BEGIN Dataset

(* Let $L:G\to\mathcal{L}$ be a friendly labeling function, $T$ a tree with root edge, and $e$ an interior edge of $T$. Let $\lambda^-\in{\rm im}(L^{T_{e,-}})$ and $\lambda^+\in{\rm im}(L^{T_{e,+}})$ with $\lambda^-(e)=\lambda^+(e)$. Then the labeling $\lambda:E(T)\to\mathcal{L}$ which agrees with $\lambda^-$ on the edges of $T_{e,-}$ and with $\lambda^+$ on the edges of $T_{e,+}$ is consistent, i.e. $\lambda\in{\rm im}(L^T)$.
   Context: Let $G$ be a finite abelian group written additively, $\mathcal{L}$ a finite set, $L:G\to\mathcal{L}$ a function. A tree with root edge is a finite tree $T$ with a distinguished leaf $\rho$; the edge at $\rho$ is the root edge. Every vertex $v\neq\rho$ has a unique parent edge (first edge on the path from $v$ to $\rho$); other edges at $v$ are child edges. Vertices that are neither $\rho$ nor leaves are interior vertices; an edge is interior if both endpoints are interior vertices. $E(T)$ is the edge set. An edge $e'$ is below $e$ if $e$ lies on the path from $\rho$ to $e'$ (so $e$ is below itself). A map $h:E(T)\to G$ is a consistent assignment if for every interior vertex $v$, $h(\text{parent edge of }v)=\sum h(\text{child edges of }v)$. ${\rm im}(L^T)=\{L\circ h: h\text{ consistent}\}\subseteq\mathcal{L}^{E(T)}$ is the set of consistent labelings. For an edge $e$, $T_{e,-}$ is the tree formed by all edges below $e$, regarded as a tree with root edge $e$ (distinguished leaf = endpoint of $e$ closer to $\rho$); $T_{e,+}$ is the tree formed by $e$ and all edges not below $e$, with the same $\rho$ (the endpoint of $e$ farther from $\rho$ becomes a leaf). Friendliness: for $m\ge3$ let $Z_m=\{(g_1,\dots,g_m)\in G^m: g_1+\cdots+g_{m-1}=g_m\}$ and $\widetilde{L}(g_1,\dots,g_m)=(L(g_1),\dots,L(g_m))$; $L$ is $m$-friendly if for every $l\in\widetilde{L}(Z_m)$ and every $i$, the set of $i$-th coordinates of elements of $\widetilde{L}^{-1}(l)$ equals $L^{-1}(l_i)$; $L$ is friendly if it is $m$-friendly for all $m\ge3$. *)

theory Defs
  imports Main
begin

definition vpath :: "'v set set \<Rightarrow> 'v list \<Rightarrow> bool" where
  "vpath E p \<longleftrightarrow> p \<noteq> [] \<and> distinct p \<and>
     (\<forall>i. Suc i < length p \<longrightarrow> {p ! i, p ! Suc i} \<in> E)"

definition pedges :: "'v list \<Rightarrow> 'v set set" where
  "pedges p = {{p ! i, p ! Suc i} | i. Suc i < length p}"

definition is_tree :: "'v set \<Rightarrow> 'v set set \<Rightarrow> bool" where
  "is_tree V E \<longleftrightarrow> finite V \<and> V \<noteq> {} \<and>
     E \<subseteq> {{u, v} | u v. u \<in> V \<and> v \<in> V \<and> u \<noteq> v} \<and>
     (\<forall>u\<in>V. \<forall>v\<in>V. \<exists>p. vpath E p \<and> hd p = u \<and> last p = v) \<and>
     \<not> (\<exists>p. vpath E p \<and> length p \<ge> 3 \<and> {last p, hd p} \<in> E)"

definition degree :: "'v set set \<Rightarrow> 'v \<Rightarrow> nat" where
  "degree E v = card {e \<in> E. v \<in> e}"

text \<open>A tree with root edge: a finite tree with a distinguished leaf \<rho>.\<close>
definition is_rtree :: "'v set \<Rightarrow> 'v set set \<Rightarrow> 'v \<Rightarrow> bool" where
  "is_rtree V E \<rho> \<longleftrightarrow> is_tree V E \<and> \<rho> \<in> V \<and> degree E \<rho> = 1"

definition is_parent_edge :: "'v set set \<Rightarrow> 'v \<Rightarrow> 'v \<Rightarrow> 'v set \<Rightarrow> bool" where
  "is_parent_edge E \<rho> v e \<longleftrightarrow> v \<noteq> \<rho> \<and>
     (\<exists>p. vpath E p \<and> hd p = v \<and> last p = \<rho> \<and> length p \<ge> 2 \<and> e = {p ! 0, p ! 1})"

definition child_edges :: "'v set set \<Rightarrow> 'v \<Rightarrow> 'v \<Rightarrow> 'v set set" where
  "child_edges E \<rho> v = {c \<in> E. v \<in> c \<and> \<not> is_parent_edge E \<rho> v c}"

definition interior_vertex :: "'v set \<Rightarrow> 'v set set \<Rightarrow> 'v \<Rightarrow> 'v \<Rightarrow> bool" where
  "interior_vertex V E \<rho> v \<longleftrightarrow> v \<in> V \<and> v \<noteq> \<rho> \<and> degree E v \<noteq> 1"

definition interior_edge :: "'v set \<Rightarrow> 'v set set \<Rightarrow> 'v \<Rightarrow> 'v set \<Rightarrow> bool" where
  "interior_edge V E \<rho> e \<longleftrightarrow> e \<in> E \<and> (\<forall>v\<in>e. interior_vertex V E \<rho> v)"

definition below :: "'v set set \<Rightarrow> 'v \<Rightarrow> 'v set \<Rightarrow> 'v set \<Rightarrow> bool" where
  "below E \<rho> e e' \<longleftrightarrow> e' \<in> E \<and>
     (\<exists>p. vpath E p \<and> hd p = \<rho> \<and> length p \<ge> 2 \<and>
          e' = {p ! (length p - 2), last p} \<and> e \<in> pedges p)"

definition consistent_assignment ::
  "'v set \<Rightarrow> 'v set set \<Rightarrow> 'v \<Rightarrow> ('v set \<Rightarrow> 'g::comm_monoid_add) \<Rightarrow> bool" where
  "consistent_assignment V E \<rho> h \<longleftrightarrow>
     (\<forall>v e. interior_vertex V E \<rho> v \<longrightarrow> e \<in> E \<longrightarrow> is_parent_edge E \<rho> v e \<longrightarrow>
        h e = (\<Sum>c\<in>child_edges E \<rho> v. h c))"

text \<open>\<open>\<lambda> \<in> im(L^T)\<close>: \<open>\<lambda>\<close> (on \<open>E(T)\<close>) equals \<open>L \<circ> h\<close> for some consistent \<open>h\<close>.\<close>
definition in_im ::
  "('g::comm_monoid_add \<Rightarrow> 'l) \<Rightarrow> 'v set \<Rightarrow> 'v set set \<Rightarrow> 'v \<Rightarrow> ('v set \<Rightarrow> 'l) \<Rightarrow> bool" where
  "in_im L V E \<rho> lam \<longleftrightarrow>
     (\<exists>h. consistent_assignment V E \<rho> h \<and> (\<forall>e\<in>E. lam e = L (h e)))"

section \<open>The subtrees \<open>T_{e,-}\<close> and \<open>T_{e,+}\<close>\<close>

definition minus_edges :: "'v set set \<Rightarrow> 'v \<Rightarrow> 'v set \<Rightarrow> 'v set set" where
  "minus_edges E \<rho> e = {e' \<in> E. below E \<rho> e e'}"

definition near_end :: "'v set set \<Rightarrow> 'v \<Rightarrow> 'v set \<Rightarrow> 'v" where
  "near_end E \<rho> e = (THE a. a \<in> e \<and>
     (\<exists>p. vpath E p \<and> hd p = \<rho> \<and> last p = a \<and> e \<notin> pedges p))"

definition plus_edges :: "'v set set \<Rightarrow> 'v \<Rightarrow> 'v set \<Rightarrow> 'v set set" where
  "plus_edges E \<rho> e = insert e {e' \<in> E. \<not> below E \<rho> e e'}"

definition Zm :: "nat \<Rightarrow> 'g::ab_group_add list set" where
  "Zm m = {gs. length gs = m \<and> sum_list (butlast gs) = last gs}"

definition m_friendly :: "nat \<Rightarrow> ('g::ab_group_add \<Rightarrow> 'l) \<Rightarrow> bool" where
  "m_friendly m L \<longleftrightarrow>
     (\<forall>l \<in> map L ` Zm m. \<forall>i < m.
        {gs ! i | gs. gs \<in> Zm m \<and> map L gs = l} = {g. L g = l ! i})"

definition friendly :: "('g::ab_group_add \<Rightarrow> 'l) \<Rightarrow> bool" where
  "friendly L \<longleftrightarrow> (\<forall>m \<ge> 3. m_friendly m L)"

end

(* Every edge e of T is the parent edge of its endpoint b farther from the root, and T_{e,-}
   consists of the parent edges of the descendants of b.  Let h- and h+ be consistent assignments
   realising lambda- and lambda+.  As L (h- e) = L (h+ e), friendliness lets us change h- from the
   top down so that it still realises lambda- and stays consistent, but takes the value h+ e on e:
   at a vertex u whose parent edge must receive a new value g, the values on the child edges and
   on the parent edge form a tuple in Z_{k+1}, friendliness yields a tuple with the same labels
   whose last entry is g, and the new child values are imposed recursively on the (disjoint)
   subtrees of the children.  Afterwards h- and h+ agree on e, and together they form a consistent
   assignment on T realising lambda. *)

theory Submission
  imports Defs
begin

END Dataset
BEGIN Dataset

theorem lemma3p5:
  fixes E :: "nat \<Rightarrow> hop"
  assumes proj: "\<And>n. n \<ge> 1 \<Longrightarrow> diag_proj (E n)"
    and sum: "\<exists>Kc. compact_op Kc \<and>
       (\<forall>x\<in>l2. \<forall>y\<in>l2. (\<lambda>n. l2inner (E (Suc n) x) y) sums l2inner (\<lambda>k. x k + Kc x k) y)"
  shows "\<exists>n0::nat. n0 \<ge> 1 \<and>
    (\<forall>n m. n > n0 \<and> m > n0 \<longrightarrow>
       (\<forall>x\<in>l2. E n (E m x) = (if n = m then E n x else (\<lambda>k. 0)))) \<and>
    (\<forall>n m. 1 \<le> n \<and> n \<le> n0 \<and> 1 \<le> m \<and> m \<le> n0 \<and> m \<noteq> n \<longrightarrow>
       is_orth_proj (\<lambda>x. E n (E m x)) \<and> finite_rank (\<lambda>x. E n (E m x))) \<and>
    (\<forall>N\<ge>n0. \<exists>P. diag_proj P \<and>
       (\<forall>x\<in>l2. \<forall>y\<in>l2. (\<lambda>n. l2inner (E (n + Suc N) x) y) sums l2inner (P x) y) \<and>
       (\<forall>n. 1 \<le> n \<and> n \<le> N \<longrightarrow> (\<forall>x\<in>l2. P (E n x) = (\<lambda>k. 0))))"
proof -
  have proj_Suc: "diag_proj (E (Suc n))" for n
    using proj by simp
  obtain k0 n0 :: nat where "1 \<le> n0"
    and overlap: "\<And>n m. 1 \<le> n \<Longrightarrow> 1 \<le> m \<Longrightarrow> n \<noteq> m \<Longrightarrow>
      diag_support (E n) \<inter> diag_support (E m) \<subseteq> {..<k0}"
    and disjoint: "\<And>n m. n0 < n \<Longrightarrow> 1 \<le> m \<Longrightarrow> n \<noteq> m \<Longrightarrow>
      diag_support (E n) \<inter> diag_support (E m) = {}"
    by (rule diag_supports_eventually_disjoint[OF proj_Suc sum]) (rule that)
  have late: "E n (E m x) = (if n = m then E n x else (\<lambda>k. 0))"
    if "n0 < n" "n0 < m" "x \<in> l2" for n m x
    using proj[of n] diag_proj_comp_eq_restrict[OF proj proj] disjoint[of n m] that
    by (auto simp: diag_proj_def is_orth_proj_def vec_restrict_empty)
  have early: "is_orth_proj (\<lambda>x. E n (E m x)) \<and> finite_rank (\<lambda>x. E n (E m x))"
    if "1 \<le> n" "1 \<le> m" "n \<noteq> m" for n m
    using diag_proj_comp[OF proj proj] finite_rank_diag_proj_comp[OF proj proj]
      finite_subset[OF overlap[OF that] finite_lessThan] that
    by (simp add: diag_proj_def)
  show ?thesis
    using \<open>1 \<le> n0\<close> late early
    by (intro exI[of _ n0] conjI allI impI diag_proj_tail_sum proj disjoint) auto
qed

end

END Dataset

## [The problem]
Search the data above for the word "pedges". Copy each line it is in.

## [Response below]
definition pedges :: "'v list \<Rightarrow> 'v set set" where
  "pedges p = {{p ! i, p ! Suc i} | i. Suc i < length p}"
          e' = {p ! (length p - 2), last p} \<and> e \<in> pedges p)"
     (\<exists>p. vpath E p \<and> hd p = \<rho> \<and> last p = a \<and> e \<notin> pedges p))"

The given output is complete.